* Exercise brief
Scan the records beneath this line for the line holding "y ^ k) = (\<Prod>i<N." and the line holding "case (Suc N)", then transcribe exactly those two and all lines between.
[Opening Study material section]
(* Let $\tilde q=q^2$. For all integers $v\geq 1$ and $L\geq 0$, \[ \sum_{n_1,\ldots,n_v\geq 0} \frac{\tilde q^{\sum_{i=1}^v N_i(N_i+1)}}{(\tilde q)_{n_1}\cdots(\tilde q)_{n_{v-1}}(\tilde q)_{2n_v}}\cdot\frac{(q^3;q^6)_{n_v}}{(q;q^2)_{1+n_v}}\cdot\frac{(\tilde q)_{2L+1}}{(\tilde q)_{L-N_1}} =\sum_{j=-\infty}^{\infty} (-1)^j q^{(2v+1)j^2-2vj}\left(\frac{j+1}{3}\right){2L+1 \brack L+j}_{\tilde q}, \] where $N_i=n_i+n_{i+1}+\cdots+n_v$ for $i=1,\ldots,v$ (for $v=1$ the product $(\tilde q)_{n_1}\cdots(\tilde q)_{n_{v-1}}$ is empty).
   Context: For a variable $a$ and integer $n\ge 0$, $(a;q)_n=(1-a)(1-aq)\cdots(1-aq^{n-1})$, and $(\tilde q)_n=(\tilde q;\tilde q)_n$; by convention $1/(\tilde q)_n=0$ for negative integers $n$. The $q$-binomial coefficient in base $\tilde q$ is ${A \brack B}_{\tilde q}=\frac{(\tilde q;\tilde q)_A}{(\tilde q;\tilde q)_B(\tilde q;\tilde q)_{A-B}}$ if $0\le B\le A$ are integers, and $0$ otherwise. $\left(\frac{j}{3}\right)$ is the Legendre symbol modulo 3: it equals $1$ if $j\equiv 1 \pmod 3$, $-1$ if $j\equiv -1\pmod 3$, and $0$ if $3\mid j$. *)

theory Defs
  imports "HOL-Analysis.Analysis"
begin

definition qpoch :: "complex \<Rightarrow> complex \<Rightarrow> nat \<Rightarrow> complex" where
  "qpoch a q n = (\<Prod>k<n. 1 - a * q ^ k)"

definition inv_qfac :: "complex \<Rightarrow> int \<Rightarrow> complex" where
  "inv_qfac qt m = (if m < 0 then 0 else 1 / qpoch qt qt (nat m))"

definition qbinom :: "complex \<Rightarrow> int \<Rightarrow> int \<Rightarrow> complex" where
  "qbinom qt A B = (if 0 \<le> B \<and> B \<le> A
      then qpoch qt qt (nat A) / (qpoch qt qt (nat B) * qpoch qt qt (nat (A - B))) else 0)"

definition leg3 :: "int \<Rightarrow> int" where
  "leg3 j = (if j mod 3 = 1 then 1 else if j mod 3 = 2 then -1 else 0)"

definition Nsum :: "(nat \<Rightarrow> nat) \<Rightarrow> nat \<Rightarrow> nat \<Rightarrow> nat" where
  "Nsum n v i = (\<Sum>k=i..v. n k)"

text \<open>Index set: tuples (n_1,...,n_v) of nonnegative integers, encoded as
  functions nat => nat vanishing outside {1..v}.\<close>
definition tuples :: "nat \<Rightarrow> (nat \<Rightarrow> nat) set" where
  "tuples v = {n. \<forall>i. i \<notin> {1..v} \<longrightarrow> n i = 0}"

end

theory Submission
  imports Defs
begin

text \<open>
  Pairing the terms j = r + 1 and j = -r turns the right-hand side into
  (q^2;q^2)_{2L+1} times sum_r q^{2vr(r+1)} a_r / ((q^2;q^2)_{L-r} (q^2;q^2)_{L+r+1}), where
  a_r = (-1)^r ((1-r)/3) q^{r^2} (1 + q^{2r+1}) with the Legendre symbol ((.)/3). Together with
  b_L = (q^3;q^6)_L / ((q^2;q^2)_{2L} (q;q^2)_{L+1}) this is a Bailey pair relative to q^2.
  To see this, evaluate the finite Jacobi triple product
    T(z) = sum_k [2L+1, k]_{q^2} (-1)^k q^{(k-L)^2} z^k
         = prod_{m<=L} (1 - z q^{2m+1}) prod_{m<L} (q^{2m+1} - z)
  at the primitive cube roots of unity w and w^2 and form w^{2L+1} T(w) - w^{L+2} T(w^2).
  On the product side (1 - wx)(1 - w^2 x) = 1 + x + x^2 = (1 - x^3)/(1 - x) produces b_L; on the
  sum side the terms k = L - r and k = L + 1 + r combine, and the powers of w produce the
  Legendre symbol and a_r. Applying the Bailey lemma v times multiplies a_r by q^{2vr(r+1)} and
  turns b into a v-fold sum over N_1 >= ... >= N_v, which after the substitution
  n_i = N_i - N_{i+1} is the left-hand side divided by (q^2;q^2)_{2L+1}.
\<close>

lemma qpoch_0 [simp]: "qpoch a q 0 = 1"
  by (simp add: qpoch_def)

lemma qpoch_Suc: "qpoch a q (Suc n) = qpoch a q n * (1 - a * q ^ n)"
  by (simp add: qpoch_def)

lemma qpoch_nonzero:
  assumes "norm a < 1" and "norm q \<le> 1"
  shows "qpoch a q n \<noteq> 0"
proof -
  have "norm (a * q ^ k) < 1" for k
  proof -
    have "norm a * norm q ^ k \<le> norm a"
      using assms by (simp add: mult_left_le power_le_one)
    then show ?thesis
      using assms(1) by (simp add: norm_mult norm_power)
  qed
  then have "1 - a * q ^ k \<noteq> 0" for k
    by (metis norm_one order.irrefl right_minus_eq)
  then show ?thesis
    by (simp add: qpoch_def)
qed

lemma qfact_nonzero: "norm p < 1 \<Longrightarrow> qpoch p p n \<noteq> 0"
  by (rule qpoch_nonzero) auto

lemma norm_power2_less_one: "norm (q::complex) < 1 \<Longrightarrow> norm (q\<^sup>2) < 1"
  by (simp add: norm_power power_less_one_iff)

definition gauss_binomial :: "complex \<Rightarrow> nat \<Rightarrow> nat \<Rightarrow> complex" where
  "gauss_binomial p N k = (if k \<le> N then qpoch p p N / (qpoch p p k * qpoch p p (N - k)) else 0)"

lemma gauss_binomial_0_right: "norm p < 1 \<Longrightarrow> gauss_binomial p N 0 = 1"
  by (simp add: gauss_binomial_def qfact_nonzero)

lemma gauss_binomial_eq_0 [simp]: "N < k \<Longrightarrow> gauss_binomial p N k = 0"
  by (simp add: gauss_binomial_def)

lemma gauss_binomial_Suc_Suc:
  assumes p: "norm p < 1"
  shows "gauss_binomial p (Suc N) (Suc k) = gauss_binomial p N (Suc k) + p ^ (N - k) * gauss_binomial p N k"
proof (cases "Suc k \<le> N")
  case True
  then obtain d where N: "N = k + Suc d"
    using less_imp_Suc_add by fastforce
  define x y where "x = p ^ Suc k" and "y = p ^ Suc d"
  have nz: "qpoch p p n \<noteq> 0" for n
    using qfact_nonzero[OF p] .
  have x: "1 - x \<noteq> 0" and y: "1 - y \<noteq> 0"
    using nz[of "Suc k"] nz[of "Suc d"] by (auto simp: qpoch_Suc x_def y_def)
  have "p ^ Suc N = x * y"
    by (simp add: N x_def y_def ac_simps flip: power_add)
  then have "gauss_binomial p (Suc N) (Suc k)
      = qpoch p p N * (1 - x * y) / (qpoch p p k * (1 - x) * (qpoch p p d * (1 - y)))"
    using True by (simp add: gauss_binomial_def qpoch_Suc N x_def y_def)
  also have "\<dots> = qpoch p p N / (qpoch p p k * (1 - x) * qpoch p p d)
      + y * (qpoch p p N / (qpoch p p k * (qpoch p p d * (1 - y))))"
  proof -
    have "F * (1 - (1 - u) * (1 - w)) / (a * u * (b * w))
        = F / (a * u * b) + (1 - w) * (F / (a * (b * w)))"
      if "a \<noteq> 0" "b \<noteq> 0" "u \<noteq> 0" "w \<noteq> 0" for F a b u w :: complex
      using that by (simp add: field_simps)
    from this[of "qpoch p p k" "qpoch p p d" "1 - x" "1 - y"] show ?thesis
      using nz x y by simp
  qed
  also have "\<dots> = gauss_binomial p N (Suc k) + p ^ (N - k) * gauss_binomial p N k"
    using True by (simp add: gauss_binomial_def qpoch_Suc N x_def y_def)
  finally show ?thesis .
next
  case False
  then show ?thesis
    by (cases "k = N") (simp_all add: gauss_binomial_def qfact_nonzero[OF p])
qed

lemma sum_gauss_binomial_Suc:
  assumes p: "norm p < 1"
  shows "(\<Sum>k\<le>Suc N. gauss_binomial p (Suc N) k * t k)
       = (\<Sum>k\<le>N. gauss_binomial p N k * (t k + p ^ (N - k) * t (Suc k)))"
proof -
  have "(\<Sum>k\<le>Suc N. gauss_binomial p (Suc N) k * t k)
      = t 0 + (\<Sum>k\<le>N. gauss_binomial p N (Suc k) * t (Suc k))
            + (\<Sum>k\<le>N. gauss_binomial p N k * p ^ (N - k) * t (Suc k))"
    by (simp add: sum.atMost_Suc_shift gauss_binomial_0_right[OF p] gauss_binomial_Suc_Suc[OF p]
        sum.distrib algebra_simps del: sum.atMost_Suc)
  also have "t 0 + (\<Sum>k\<le>N. gauss_binomial p N (Suc k) * t (Suc k))
      = (\<Sum>k\<le>Suc N. gauss_binomial p N k * t k)"
    by (simp add: sum.atMost_Suc_shift gauss_binomial_0_right[OF p] del: sum.atMost_Suc)
  also have "\<dots> = (\<Sum>k\<le>N. gauss_binomial p N k * t k)"
    by simp
  finally show ?thesis
    by (simp add: sum.distrib algebra_simps)
qed

lemma q_binomial_theorem:
  assumes p: "norm p < 1"
  shows "(\<Sum>k\<le>N. gauss_binomial p N k * (-1) ^ k * p ^ (k choose 2) * y ^ k) = (\<Prod>i<N. 1 - y * p ^ i)"
proof (induction N)
  case 0
  then show ?case by (simp add: gauss_binomial_0_right[OF p] binomial_eq_0)
next
  case (Suc N)
  define c where "c k = (-1) ^ k * p ^ (k choose 2) * y ^ k" for k
  have step: "p ^ (N - k) * c (Suc k) = - (y * p ^ N) * c k" if "k \<le> N" for k
  proof -
    have "N - k + (Suc k choose 2) = N + (k choose 2)"
      using that by (simp add: choose_two) (cases k; simp)
    then have "p ^ (N - k) * p ^ (Suc k choose 2) = p ^ N * p ^ (k choose 2)"
      by (simp flip: power_add)
    then show ?thesis
      by (simp add: c_def algebra_simps)
  qed
  have "(\<Sum>k\<le>Suc N. gauss_binomial p (Suc N) k * c k)
      = (\<Sum>k\<le>N. gauss_binomial p N k * (c k + p ^ (N - k) * c (Suc k)))"
    by (rule sum_gauss_binomial_Suc[OF p])
  also have "\<dots> = (\<Sum>k\<le>N. (1 - y * p ^ N) * (gauss_binomial p N k * c k))"
    by (rule sum.cong) (simp_all add: step[unfolded mult.commute[of "p ^ _"]] algebra_simps)
  also have "\<dots> = (1 - y * p ^ N) * (\<Sum>k\<le>N. gauss_binomial p N k * c k)"
    by (simp add: sum_distrib_left)
  also have "(\<Sum>k\<le>N. gauss_binomial p N k * c k) = (\<Prod>i<N. 1 - y * p ^ i)"
    using Suc.IH by (simp add: c_def mult.assoc)
  finally show ?case
    by (simp add: c_def mult_ac del: sum.atMost_Suc)
qed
[Closing Study material section]
* The answer
  shows "(\<Sum>k\<le>N. gauss_binomial p N k * (-1) ^ k * p ^ (k choose 2) * y ^ k) = (\<Prod>i<N. 1 - y * p ^ i)"
proof (induction N)
  case 0
  then show ?case by (simp add: gauss_binomial_0_right[OF p] binomial_eq_0)
next
  case (Suc N)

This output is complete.